▼
lemma near_periodic_repeats_value:
  fixes \<Psi> \<psi> :: "complex \<Rightarrow> complex" and a :: complex and c :: real
  assumes "convex R" "cball (of_real c) (1/2) \<subseteq> R" "of_real (c - 2 * pi) \<in> R" "a \<noteq> 0"
    and \<Psi>: "\<And>s. s \<in> R \<Longrightarrow> (\<Psi> has_field_derivative \<psi> s) (at s)"
    and \<psi>: "\<And>s. s \<in> R \<Longrightarrow> norm (\<psi> s - \<i> * a * exp (\<i> * s)) \<le> norm a / 100"
  shows "\<exists>s\<in>ball (of_real c) (1/2). \<Psi> s = \<Psi> (of_real (c - 2 * pi))"
proof -
  let ?c = "complex_of_real c" and ?\<sigma> = "complex_of_real (c - 2 * pi)"
  have deviation: "norm (\<Psi> s - \<Psi> ?\<sigma> - a * (exp (\<i> * s) - exp (\<i> * ?c))) \<le> norm a / 100 * norm (s - ?\<sigma>)"
    if "s \<in> R" for s
    using near_periodic_deviation_le[OF assms(1,3) that \<Psi> \<psi>] .
  have "norm (?c - ?\<sigma>) = 2 * pi"
    by (simp flip: of_real_diff)
  moreover have "?c \<in> R"
    using assms(2) by auto
  ultimately have "norm (\<Psi> ?c - \<Psi> ?\<sigma>) \<le> norm a / 100 * (2 * pi)"
    using deviation[of ?c] by simp
  also have "\<dots> < norm a / 8"
    using pi_less_4 \<open>a \<noteq> 0\<close> by simp
  finally have centre: "norm (\<Psi> ?c - \<Psi> ?\<sigma>) < norm a / 8" .
  have sphere: "norm a / 8 \<le> norm (\<Psi> s - \<Psi> ?\<sigma>)" if s: "s \<in> sphere ?c (1/2)" for s
  proof -
    have "norm (s - ?c) = 1/2"
      using s by (simp add: dist_norm norm_minus_commute)
    then have "norm a / 4 \<le> norm (a * (exp (\<i> * s) - exp (\<i> * ?c)))"
      using mult_left_mono[OF norm_exp_ii_diff_ge norm_ge_zero] by (simp add: norm_mult)
    moreover have "norm (s - ?\<sigma>) \<le> 7"
      using dist_triangle[of s ?\<sigma> ?c] \<open>norm (s - ?c) = 1/2\<close> \<open>norm (?c - ?\<sigma>) = 2 * pi\<close> pi_approx
      by (simp add: dist_norm)
    then have "norm a / 100 * norm (s - ?\<sigma>) \<le> norm a / 100 * 7"
      by (simp add: mult_left_mono)
    moreover have "s \<in> R"
      using s assms(2) sphere_cball by blast
    ultimately show ?thesis
      using deviation[OF \<open>s \<in> R\<close>] norm_triangle_ineq2[of "a * (exp (\<i> * s) - exp (\<i> * ?c))" "\<Psi> s - \<Psi> ?\<sigma>"]
        norm_minus_commute[of "\<Psi> s - \<Psi> ?\<sigma>" "a * (exp (\<i> * s) - exp (\<i> * ?c))"] norm_ge_zero[of a]
      by linarith
  qed
  have "\<Psi> holomorphic_on ball ?c (1/2)"
    unfolding holomorphic_on_open[OF open_ball] using \<Psi> assms(2) by (meson ball_subset_cball subsetD)
  moreover have "continuous_on (cball ?c (1/2)) \<Psi>"
    using \<Psi> assms(2) DERIV_isCont by (blast intro: continuous_at_imp_continuous_on)
  ultimately have "\<exists>s\<in>ball ?c (1/2). \<Psi> s - \<Psi> ?\<sigma> = 0"
    using zero_in_ball_if_norm_centre_less[of "1/2" "\<lambda>s. \<Psi> s - \<Psi> ?\<sigma>", OF _ _ _ centre sphere]
    by (simp add: holomorphic_on_diff continuous_on_diff)
  then show ?thesis
    by simp
qed

definition cayley :: "complex \<Rightarrow> complex" where
  "cayley z = (1 + z) / (1 - z)"

definition cayley_inv :: "complex \<Rightarrow> complex" where
  "cayley_inv w = (w - 1) / (w + 1)"

definition \<mu> :: complex where
  "\<mu> = -1 + \<i>"

lemma \<mu>_nonzero [simp]: "\<mu> \<noteq> 0"
  by (simp add: \<mu>_def complex_eq_iff)

definition cayley_power :: "complex \<Rightarrow> complex" where
  "cayley_power z = (exp (\<mu> * Ln (cayley z)) - 1) / (2 * \<mu>)"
▲
→ Work required:
For every line of the listing above that contains "simp", add one, and report the final tally with no other words.

→ Task output:
11